Three of the groups’ four allowed runs, however, came in Saturday’s game against Pittsburgh. Although the Phillies saved face with a strong 4-3 comeback win, Turnbull had his first down start of the year, allowing three earned runs on four hits and four walks in just four innings. Throughout the start, Turnbull struggled to find the zone, and without command of his six-pitch arsenal, he was largely ineffective. 


So what does this mean? Should the Phillies give up hope on Turnbull?

Or is the wily right-hander still a long-term option at the back end of the rotation


The answer is somewhere in the middle. Thus far, Turnbull has been a great little surprise and everything that a team could want out of a number five starter: someone who can give them a strong, solid 5-6 innings every fifth day. But Turnbull is not Taijuan Walker. There are a few important distinctions to be made. 

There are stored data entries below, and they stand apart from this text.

lemma Cauchy_if_midpoint_norm_ge:
  fixes xs :: "nat \<Rightarrow> 'a::real_inner"
  assumes d: "0 \<le> d"
    and mid: "\<And>m n. 2 * d \<le> norm (xs m + xs n)"
    and near: "\<And>n. norm (xs n) < d + 1 / (real n + 1)"
  shows "Cauchy xs"
proof (rule metric_CauchyI)
  fix eps :: real assume eps: "0 < eps"
  define e where "e n = (2 * d + 1) / (real n + 1)" for n
  have sq: "(norm (xs n))\<^sup>2 \<le> d\<^sup>2 + e n" for n
  proof -
    have "(norm (xs n))\<^sup>2 \<le> (d + 1 / (real n + 1))\<^sup>2"
      using near[of n] by (intro power_mono) auto
    also have "\<dots> = d\<^sup>2 + 2 * d / (real n + 1) + 1 / (real n + 1)\<^sup>2"
      by (simp add: power2_sum power_divide)
    also have "1 / (real n + 1)\<^sup>2 \<le> 1 / (real n + 1)"
      by (simp add: divide_simps power2_eq_square)
    then have "d\<^sup>2 + 2 * d / (real n + 1) + 1 / (real n + 1)\<^sup>2 \<le> d\<^sup>2 + e n"
      by (simp add: e_def add_divide_distrib)
    finally show ?thesis .
  qed
  have diff: "(norm (xs m - xs n))\<^sup>2 \<le> 2 * e m + 2 * e n" for m n
  proof -
    have "(norm (xs m - xs n))\<^sup>2 + (norm (xs m + xs n))\<^sup>2 = 2 * (norm (xs m))\<^sup>2 + 2 * (norm (xs n))\<^sup>2"
      by (simp add: power2_norm_eq_inner inner_diff inner_add inner_commute)
    moreover have "(2 * d)\<^sup>2 \<le> (norm (xs m + xs n))\<^sup>2"
      using mid d by (intro power_mono) auto
    ultimately show ?thesis using sq[of m] sq[of n] by (simp add: power2_eq_square)
  qed
  obtain N :: nat where N: "4 * (2 * d + 1) / eps\<^sup>2 < real N"
    using reals_Archimedean2 by blast
  have eN: "e n < eps\<^sup>2 / 4" if "N \<le> n" for n
  proof -
    have "4 * (2 * d + 1) < eps\<^sup>2 * real N" using N eps by (simp add: field_simps)
    also have "\<dots> \<le> eps\<^sup>2 * (real n + 1)" using that by (intro mult_left_mono) auto
    finally show ?thesis by (simp add: e_def field_simps)
  qed
  have "dist (xs m) (xs n) < eps" if "N \<le> m" "N \<le> n" for m n
  proof -
    have "(norm (xs m - xs n))\<^sup>2 < eps\<^sup>2"
      using diff[of m n] eN[OF that(1)] eN[OF that(2)] by linarith
    with eps show ?thesis by (simp add: dist_norm power2_less_imp_less)
  qed
  then show "\<exists>M. \<forall>m\<ge>M. \<forall>n\<ge>M. dist (xs m) (xs n) < eps" by blast
qed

One, Taijuan Walker is in the second year of a four-year, $72 million contract. With a higher paycheck comes increased expectations. Walker is meant to be a number four pitcher and not the fifth starter in a five-man rotation, a solid innings eater with the upside of something greater. Something akin to what the Phillies wanted Zach Eflin to be if they thought he could stay healthy for a full season. 

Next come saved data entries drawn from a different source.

(* Let $S$ be the $d$-dimensional quantum system ($d<\infty$, orthonormal basis $\{|k\rangle\}$) with all density matrices as states and all quantum channels as transformations, and let $\mathcal D(\cdot)=\sum_k|k\rangle\langle k|\cdot|k\rangle\langle k|$. Let the agent $A$ have a set of actions $\mathsf{Act}(A;S)$ such that (1) $\mathsf{Act}(A;S)$ contains every classical channel, i.e. every channel $\mathcal T$ with $\mathcal T=\mathcal D\circ\mathcal T\circ\mathcal D$, and (2) $\mathcal D\circ\mathcal T=\mathcal T\circ\mathcal D$ for every $\mathcal T\in\mathsf{Act}(A;S)$. Then (i) two states $\rho,\sigma$ are equivalent for $A$ iff $\mathcal D(\rho)=\mathcal D(\sigma)$; (ii) two transformations $\mathcal S,\mathcal T\in\mathsf{Act}(A;S)''$ are equivalent for $A$ iff $\mathcal D\circ\mathcal S\circ\mathcal D=\mathcal D\circ\mathcal T\circ\mathcal D$. Hence $S_A$ is the $d$-dimensional classical system (diagonal density matrices, classical stochastic maps).
   Context: For an agent $A$, $\mathsf{Act}(A;S)'$ is the set of channels commuting with each element of $\mathsf{Act}(A;S)$, and $\mathsf{Act}(A;S)''=(\mathsf{Act}(A;S)')'$. $\mathrm{Deg}_{A'}(\rho)=\{\mathcal B(\rho):\mathcal B\in\mathsf{Act}(A;S)'\}$, $\mathrm{Deg}_{A'}(\mathcal T)=\{\mathcal B_1\circ\mathcal T\circ\mathcal B_2:\mathcal B_1,\mathcal B_2\in\mathsf{Act}(A;S)'\}$. States $\rho,\sigma$ (resp. transformations $\mathcal S,\mathcal T\in\mathsf{Act}(A;S)''$) are equivalent for $A$ if they are joined by a finite chain of states (resp. elements of $\mathsf{Act}(A;S)''$) in which consecutive elements have intersecting $\mathrm{Deg}_{A'}$ sets. The subsystem $S_A$ has as states and transformations the corresponding equivalence classes. *)

theory Defs
  imports Complex_Main
begin

text \<open>A d-dimensional quantum system: the orthonormal basis is indexed by a finite
  type 'd (so d = CARD('d)); a d x d complex matrix is a function 'd => 'd => complex,
  the entry X i j being the matrix element of X between basis vectors i and j.\<close>

type_synonym 'd qmat = "'d \<Rightarrow> 'd \<Rightarrow> complex"
type_synonym 'd superop = "'d qmat \<Rightarrow> 'd qmat"

definition mtrace :: "('d::finite) qmat \<Rightarrow> complex" where
  "mtrace X = (\<Sum>i\<in>UNIV. X i i)"

definition psd :: "('d::finite) qmat \<Rightarrow> bool" where
  "psd X \<longleftrightarrow> (\<forall>v :: 'd \<Rightarrow> complex.
     Im (\<Sum>i\<in>UNIV. \<Sum>j\<in>UNIV. cnj (v i) * X i j * v j) = 0 \<and>
     Re (\<Sum>i\<in>UNIV. \<Sum>j\<in>UNIV. cnj (v i) * X i j * v j) \<ge> 0)"

definition density :: "('d::finite) qmat \<Rightarrow> bool" where
  "density \<rho> \<longleftrightarrow> psd \<rho> \<and> mtrace \<rho> = 1"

There is also the issue of arm health. Although Walker has been sidelined with a shoulder issue and has another three to four starts left in his rehab, he did throw 172.2 innings last year. Turnbull, who has struggled mightily with arm injuries in the past five years, threw just 31 innings in 2023. As a general rule of thumb, pitchers aren’t recommended to increase their inning total from more than 30-40 per year, thus capping Turnbull’s potential innings at around 100. 

The possibility of keeping both Turnbull and Walker in a six-man rotation upon Walker’s return is enticing but not likely this early in the season. Although ostensibly the idea makes perfect sense–limiting the innings on all of the pitchers early on should make things easier–the team found out last year that it wasn’t necessarily conducive to success: Zack Wheeler pitched remarkably better on four or five days rest compared to six. 


Turnbull’s mere presence as a positive starting option, however, is perhaps the best kind of problem that the Phillies could have. The season is a long one, and one of the starting pitchers, invariably, will go down with an injury at some point in 2024. Having Turnbull as a replacement option or even as the sixth man in an extended rotation in, say, July or August could be invaluable. Even as the long man out of the ‘pen, Turnbull could prove his worth. 

Walker will get the nod when he returns from rehab, and he should. After not making an appearance in last year’s postseason, one would imagine that he has something to prove. The Phillies are paying him to be a long-term, viable starter, and they have to see if he can do just that. However, if Walker struggles for an extended period of time–his velocity never picks up, he’s not consistently pitching past the fifth inning, etc.–then the leash should not be long.


Because $74 million or not, only one thing matters to the Phillies at the end of the day: who gives them the best chance to win.
That should be the deciding factor in who takes the mound every fifth day.